Collected data entries:
————

(* Let $m,t,n$ be positive integers with $mt<n\le 2^m$, let $\alpha=(\alpha_1,\dots,\alpha_n)\in\mathbb{F}_{2^m}^n$ be a support tuple, and for $p\in\mathbb{F}_2^n$ with $0<\mathrm{wt}(p)\le t$, $d\in\mathbb{N}$ with $d<t$ and $\varepsilon\in\mathbb{F}_{2^m}$, let $\tilde p\in\mathbb{F}_2^n$ be defined by $\tilde p_k=1$ if and only if $\varepsilon\alpha_k^d+\prod_{l\in I_p}(\alpha_k-\alpha_l)=0$. (a) Suppose $d=0$ and $p=e^{(i_1)}+e^{(i_2)}$ with $i_1\neq i_2$, and suppose $\mathrm{wt}(\tilde p)=2$, say $I_{\tilde p}=\{j_1,j_2\}$. Then $\alpha_{i_1}+\alpha_{i_2}=\alpha_{j_1}+\alpha_{j_2}$. (b) Suppose $d=2$ and $p=e^{(i)}$ for some $i\in\{1,\dots,n\}$, and suppose $\mathrm{wt}(\tilde p)=2$, say $I_{\tilde p}=\{j_1,j_2\}$. Then $\alpha_i\alpha_{j_1}+\alpha_i\alpha_{j_2}+\alpha_{j_1}\alpha_{j_2}=0$. If, additionally, $\alpha_i\neq 0$, then $\alpha_{j_1}\neq 0$ and $\alpha_{j_2}\neq 0$.
   Context: $\mathbb{F}_{2^m}$ denotes the finite field with $2^m$ elements. A support tuple is a tuple $\alpha\in\mathbb{F}_{2^m}^n$ with pairwise distinct entries. For $c\in\mathbb{F}_2^n$, $I_c=\{i\mid c_i=1\}$ and $\mathrm{wt}(c)=\#I_c$. $e^{(i)}$ denotes the $i$-th standard basis vector of $\mathbb{F}_2^n$. The vector $\tilde p$ is the output of decoding with the faulty error-locator polynomial $\varepsilon x^d+\prod_{l\in I_p}(x-\alpha_l)$ (its zeros among the $\alpha_k$). *)

theory Defs
  imports Main "HOL-Library.Z2"
begin

text \<open>Vectors in F_2^n are modelled as functions nat => bit, with coordinates
  indexed by 1..n and all other coordinates equal to 0.\<close>

definition vec2 :: "nat \<Rightarrow> (nat \<Rightarrow> bit) \<Rightarrow> bool" where
  "vec2 n c \<longleftrightarrow> (\<forall>k. k \<notin> {1..n} \<longrightarrow> c k = 0)"

definition supp_idx :: "nat \<Rightarrow> (nat \<Rightarrow> bit) \<Rightarrow> nat set" where
  "supp_idx n c = {i \<in> {1..n}. c i = 1}"

definition wt :: "nat \<Rightarrow> (nat \<Rightarrow> bit) \<Rightarrow> nat" where
  "wt n c = card (supp_idx n c)"

definition unit_vec :: "nat \<Rightarrow> nat \<Rightarrow> bit" where
  "unit_vec i = (\<lambda>k. if k = i then 1 else 0)"

definition support_tuple :: "nat \<Rightarrow> (nat \<Rightarrow> 'a) \<Rightarrow> bool" where
  "support_tuple n \<alpha> \<longleftrightarrow> inj_on \<alpha> {1..n}"

definition faulty_decode ::
  "nat \<Rightarrow> (nat \<Rightarrow> 'a::field) \<Rightarrow> (nat \<Rightarrow> bit) \<Rightarrow> nat \<Rightarrow> 'a \<Rightarrow> nat \<Rightarrow> bit" where
  "faulty_decode n \<alpha> p d \<epsilon> = (\<lambda>k. if k \<in> {1..n} \<and>
      \<epsilon> * \<alpha> k ^ d + (\<Prod>l\<in>supp_idx n p. \<alpha> k - \<alpha> l) = 0 then 1 else 0)"

end

theory Submission
  imports Defs "HOL-Number_Theory.Residues"
begin

text \<open>The two flipped positions \<open>j\<^sub>1, j\<^sub>2\<close> are distinct roots \<open>x \<noteq> y\<close> of the faulty
  locator, and subtracting the two root equations leaves a factor \<open>x - y\<close> that can be cancelled.
  In (a) this gives \<open>x + y = \<alpha>\<^sub>i\<^sub>1 + \<alpha>\<^sub>i\<^sub>2\<close> at once. In (b) it gives \<open>\<epsilon>(x + y) = -1\<close>, and then
  \<open>\<epsilon>xy = -\<alpha>\<^sub>i\<close>, so \<open>\<epsilon>(\<alpha>\<^sub>i x + \<alpha>\<^sub>i y + xy) = -2\<alpha>\<^sub>i\<close>, which vanishes in characteristic 2.\<close>

lemma CHAR_eq_if_card_eq_prime_power:
  assumes "prime q" "0 < m" "card (UNIV :: 'a::{field,finite} set) = q ^ m"
  shows "CHAR('a) = q"
proof -
  have "prime CHAR('a)"
    by (intro prime_CHAR_semidom finite_imp_CHAR_pos) simp
  moreover have "CHAR('a) dvd q ^ m"
    using CHAR_dvd_CARD[where 'a='a] assms(3) by simp
  ultimately show ?thesis
    using assms(1) prime_dvd_power primes_dvd_imp_eq by blast
qed

lemma two_eq_zero_if_card_eq_power_two:
  assumes "0 < m" "card (UNIV :: 'a::{field,finite} set) = 2 ^ m"
  shows "(2::'a) = 0"
  using of_nat_CHAR[where 'a='a] CHAR_eq_if_card_eq_prime_power[OF two_is_prime_nat assms]
  by simp

lemma supp_idx_unit_vec:
  assumes "i \<in> {1..n}"
  shows "supp_idx n (unit_vec i) = {i}"
  using assms by (auto simp: supp_idx_def unit_vec_def)

lemma supp_idx_add_unit_vec:
  assumes "i1 \<in> {1..n}" "i2 \<in> {1..n}" "i1 \<noteq> i2"
  shows "supp_idx n (\<lambda>k. unit_vec i1 k + unit_vec i2 k) = {i1, i2}"
  using assms by (auto simp: supp_idx_def unit_vec_def)

lemma supp_idx_faulty_decode:
  "supp_idx n (faulty_decode n \<alpha> p d \<epsilon>) =
     {k \<in> {1..n}. \<epsilon> * \<alpha> k ^ d + (\<Prod>l\<in>supp_idx n p. \<alpha> k - \<alpha> l) = 0}"
  by (auto simp: supp_idx_def faulty_decode_def)

lemma faulty_decode_weight_two_roots:
  assumes "support_tuple n \<alpha>"
    and "wt n (faulty_decode n \<alpha> p d \<epsilon>) = 2"
    and "supp_idx n (faulty_decode n \<alpha> p d \<epsilon>) = {j1, j2}"
  shows "\<alpha> j1 \<noteq> \<alpha> j2"
    and "\<epsilon> * \<alpha> j1 ^ d + (\<Prod>l\<in>supp_idx n p. \<alpha> j1 - \<alpha> l) = 0"
    and "\<epsilon> * \<alpha> j2 ^ d + (\<Prod>l\<in>supp_idx n p. \<alpha> j2 - \<alpha> l) = 0"
proof -
  have roots: "{j1, j2} = {k \<in> {1..n}. \<epsilon> * \<alpha> k ^ d + (\<Prod>l\<in>supp_idx n p. \<alpha> k - \<alpha> l) = 0}"
    using assms(3) by (simp add: supp_idx_faulty_decode)
  then show "\<epsilon> * \<alpha> j1 ^ d + (\<Prod>l\<in>supp_idx n p. \<alpha> j1 - \<alpha> l) = 0"
    and "\<epsilon> * \<alpha> j2 ^ d + (\<Prod>l\<in>supp_idx n p. \<alpha> j2 - \<alpha> l) = 0"
    by blast+
  have "card {j1, j2} = 2"
    using assms(2,3) by (simp add: wt_def)
  then have "j1 \<noteq> j2"
    by auto
  moreover have "j1 \<in> {1..n}" "j2 \<in> {1..n}"
    using roots by blast+
  ultimately show "\<alpha> j1 \<noteq> \<alpha> j2"
    using assms(1) unfolding support_tuple_def inj_on_def by blast
qed

lemma distinct_roots_shifted_product_sum:
  fixes x y a b e :: "'a::field"
  assumes "e + (x - a) * (x - b) = 0" "e + (y - a) * (y - b) = 0" "x \<noteq> y"
  shows "a + b = x + y"
proof -
  have "(x - y) * (x + y - a - b) = (e + (x - a) * (x - b)) - (e + (y - a) * (y - b))"
    by (simp add: algebra_simps)
  then have "(x - y) * (x + y - a - b) = 0"
    using assms(1,2) by simp
  then show ?thesis
    using assms(3) by auto
qed

lemma distinct_roots_quadratic_char_two:
  fixes x y a e :: "'a::field"
  assumes "e * x ^ 2 + (x - a) = 0" "e * y ^ 2 + (y - a) = 0" "x \<noteq> y" "(2::'a) = 0"
  shows "a * x + a * y + x * y = 0"
proof -
  have "(x - y) * (e * (x + y) + 1) = (e * x ^ 2 + (x - a)) - (e * y ^ 2 + (y - a))"
    by (simp add: algebra_simps power2_eq_square)
  then have "(x - y) * (e * (x + y) + 1) = 0"
    using assms(1,2) by simp
  then have sum: "e * (x + y) = -1"
    using assms(3) by (simp add: eq_neg_iff_add_eq_0)
  have prod: "e * (x * y) = - a"
  proof -
    have "e * (x * y) = x * (e * (x + y)) - e * x ^ 2"
      by (simp add: algebra_simps power2_eq_square)
    also have "\<dots> = - a"
      using sum assms(1) by (simp add: algebra_simps)
    finally show ?thesis .
  qed
  have "e * (a * x + a * y + x * y) = a * (e * (x + y)) + e * (x * y)"
    by (simp add: algebra_simps)
  also have "\<dots> = - (2 * a)"
    using sum prod by simp
  finally have "e * (a * x + a * y + x * y) = 0"
    using assms(4) by simp
  moreover have "e \<noteq> 0"
    using sum by auto
  ultimately show ?thesis
    by simp
qed

theorem proposition5p2:
  fixes m t n d :: nat
    and \<alpha> :: "nat \<Rightarrow> 'a::{field,finite}"
    and p :: "nat \<Rightarrow> bit"
    and \<epsilon> :: 'a
  assumes "0 < m" "0 < t" "0 < n"
    and "m * t < n" "n \<le> 2 ^ m"
    and "card (UNIV :: 'a set) = 2 ^ m"
    and "support_tuple n \<alpha>"
    and "vec2 n p" "0 < wt n p" "wt n p \<le> t"
    and "d < t"
  shows
    "(\<forall>i1 i2 j1 j2. d = 0 \<and> i1 \<in> {1..n} \<and> i2 \<in> {1..n} \<and> i1 \<noteq> i2
        \<and> p = (\<lambda>k. unit_vec i1 k + unit_vec i2 k)
        \<and> wt n (faulty_decode n \<alpha> p d \<epsilon>) = 2
        \<and> supp_idx n (faulty_decode n \<alpha> p d \<epsilon>) = {j1, j2}
        \<longrightarrow> \<alpha> i1 + \<alpha> i2 = \<alpha> j1 + \<alpha> j2)
     \<and> (\<forall>i j1 j2. d = 2 \<and> i \<in> {1..n} \<and> p = unit_vec i
        \<and> wt n (faulty_decode n \<alpha> p d \<epsilon>) = 2
        \<and> supp_idx n (faulty_decode n \<alpha> p d \<epsilon>) = {j1, j2}
        \<longrightarrow> \<alpha> i * \<alpha> j1 + \<alpha> i * \<alpha> j2 + \<alpha> j1 * \<alpha> j2 = 0
            \<and> (\<alpha> i \<noteq> 0 \<longrightarrow> \<alpha> j1 \<noteq> 0 \<and> \<alpha> j2 \<noteq> 0))"
proof (rule conjI; intro allI impI; elim conjE)
  fix i1 i2 j1 j2
  assume "d = 0" "i1 \<in> {1..n}" "i2 \<in> {1..n}" "i1 \<noteq> i2"
    and "p = (\<lambda>k. unit_vec i1 k + unit_vec i2 k)"
    and "wt n (faulty_decode n \<alpha> p d \<epsilon>) = 2" "supp_idx n (faulty_decode n \<alpha> p d \<epsilon>) = {j1, j2}"
  note roots = faulty_decode_weight_two_roots[OF assms(7) this(6,7)]
  have "supp_idx n p = {i1, i2}"
    using supp_idx_add_unit_vec \<open>p = _\<close> \<open>i1 \<in> _\<close> \<open>i2 \<in> _\<close> \<open>i1 \<noteq> i2\<close> by blast
  then have "\<epsilon> + (\<alpha> j1 - \<alpha> i1) * (\<alpha> j1 - \<alpha> i2) = 0" "\<epsilon> + (\<alpha> j2 - \<alpha> i1) * (\<alpha> j2 - \<alpha> i2) = 0"
    using roots(2,3) \<open>i1 \<noteq> i2\<close> by (simp_all add: \<open>d = 0\<close>)
  then show "\<alpha> i1 + \<alpha> i2 = \<alpha> j1 + \<alpha> j2"
    using distinct_roots_shifted_product_sum roots(1) by blast
next
  fix i j1 j2
  assume "d = 2" "i \<in> {1..n}" "p = unit_vec i"
    and "wt n (faulty_decode n \<alpha> p d \<epsilon>) = 2" "supp_idx n (faulty_decode n \<alpha> p d \<epsilon>) = {j1, j2}"
  note roots = faulty_decode_weight_two_roots[OF assms(7) this(4,5)]
  have "supp_idx n p = {i}"
    using supp_idx_unit_vec \<open>p = _\<close> \<open>i \<in> _\<close> by blast
  then have "\<epsilon> * \<alpha> j1 ^ 2 + (\<alpha> j1 - \<alpha> i) = 0" "\<epsilon> * \<alpha> j2 ^ 2 + (\<alpha> j2 - \<alpha> i) = 0"
    using roots(2,3) by (simp_all add: \<open>d = 2\<close>)
  then show "\<alpha> i * \<alpha> j1 + \<alpha> i * \<alpha> j2 + \<alpha> j1 * \<alpha> j2 = 0 \<and> (\<alpha> i \<noteq> 0 \<longrightarrow> \<alpha> j1 \<noteq> 0 \<and> \<alpha> j2 \<noteq> 0)"
    using distinct_roots_quadratic_char_two[OF _ _ roots(1) two_eq_zero_if_card_eq_power_two[OF assms(1,6)]]
    by auto
qed

end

————

### Task:
Scan the data, and report each line that uses the word "bool".

### Written reply:
definition vec2 :: "nat \<Rightarrow> (nat \<Rightarrow> bit) \<Rightarrow> bool" where
definition support_tuple :: "nat \<Rightarrow> (nat \<Rightarrow> 'a) \<Rightarrow> bool" where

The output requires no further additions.